The necropsy data collection section includes multiple forms that collect data consistent with a typical workflow, and populates a report with basic demographic information, familial history of the disease, other possible causative zoonotic diseases, summarizes information from the last three exams, and allows the veterinarian to provide additional information, including the upload of files, and address the pathologist directly. Additionally, the necropsy report lists archived or frozen tissues or slides and their storage location for future analysis.
Interactive graphs allow examination of different factors influencing the health of an individual ape in comparison to a particular species or to all apes in the system. Prelude EDC’s summaries allow at-a-glance monitoring of each site or the entire registry; and the search and filter capabilities display summaries for only the apes fitting the search criteria.

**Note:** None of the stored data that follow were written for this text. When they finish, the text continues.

lemma gderiv_nonneg_if_min_along_ray:
  fixes f :: "'a::real_inner \<Rightarrow> real"
  assumes grad: "GDERIV f x :> D" and "d > 0"
    and min: "\<And>t. 0 < t \<Longrightarrow> t < d \<Longrightarrow> f x \<le> f (x + t *\<^sub>R h)"
  shows "inner h D \<ge> 0"
proof -
  have ray: "((\<lambda>t. x + t *\<^sub>R h) has_derivative (\<lambda>t. t *\<^sub>R h)) (at 0)"
    by (auto intro!: derivative_eq_intros)
  have "(f has_derivative (\<lambda>h. inner h D)) (at ((\<lambda>t. x + t *\<^sub>R h) 0))"
    using grad unfolding gderiv_def by simp
  from has_derivative_compose[OF ray this]
  have "((\<lambda>t. f (x + t *\<^sub>R h)) has_derivative (\<lambda>t. inner (t *\<^sub>R h) D)) (at 0)"
    by simp
  then have "((\<lambda>t. f (x + t *\<^sub>R h)) has_real_derivative inner h D) (at 0)"
    unfolding has_field_derivative_def
    by (rule has_derivative_eq_rhs) (auto simp: fun_eq_iff mult.commute)
  then have "((\<lambda>t. (f (x + t *\<^sub>R h) - f x) / t) \<longlongrightarrow> inner h D) (at_right 0)"
    unfolding has_field_derivative_iff by (simp add: filterlim_at_split)
  moreover have "eventually (\<lambda>t. 0 \<le> (f (x + t *\<^sub>R h) - f x) / t) (at_right (0::real))"
    unfolding eventually_at_right_field using \<open>d > 0\<close> min by (intro exI[of _ d]) auto
  ultimately show ?thesis
    by (rule tendsto_lowerbound) simp
qed

lemma partial_min_gderiv_nonneg:
  fixes f :: "'a::real_inner \<times> 'b::real_inner \<Rightarrow> real"
  assumes grad: "GDERIV f (x, y) :> G"
    and min: "\<And>y'. y' \<in> S \<Longrightarrow> f (x, y) \<le> f (x, y')"
    and "d > 0" and feasible: "\<And>t. 0 < t \<Longrightarrow> t < d \<Longrightarrow> y + t *\<^sub>R h \<in> S"
  shows "inner h (snd G) \<ge> 0"
proof -
  have "inner (0, h) G \<ge> 0"
    using grad \<open>d > 0\<close> by (rule gderiv_nonneg_if_min_along_ray) (simp add: min feasible)
  then show ?thesis by (cases G) simp
qed

lemma compC_add_axis_fst:
  assumes "(Y, Z) \<in> compC" and "Z $ i = 0" and "Y $ i + t * s \<ge> 0"
  shows "(Y, Z) + t *\<^sub>R (axis i s, 0) \<in> compC"
  using assms unfolding compC_def by (auto simp: axis_def)

lemma compC_add_axis_snd:
  assumes "(Y, Z) \<in> compC" and "Y $ i = 0" and "Z $ i + t * s \<ge> 0"
  shows "(Y, Z) + t *\<^sub>R (0, axis i s) \<in> compC"
  using assms unfolding compC_def by (auto simp: axis_def)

Additionally, designated users can create ad-hoc reports to further examine the data, which is available globally, 24 hours a day.
Results & Benefits
Prelude staff trained GAHP personnel to utilize Prelude EDC to globally collect data on Great Ape heart health, which is accessible in real time for entry, review, analysis and export, including access to uploaded exams, images, and reports. Lab results are compared to set normals and outliers flagged for analysis. The Great Ape Heart Project Cardiac Registry launched in February 2015 and is poised for growth as data is expanded for the existing registered population and new institutions and apes are added. The system enables users to distinguish and examine data trends to report on emerging cardiac health patterns in localized and global populations, and anywhere in between.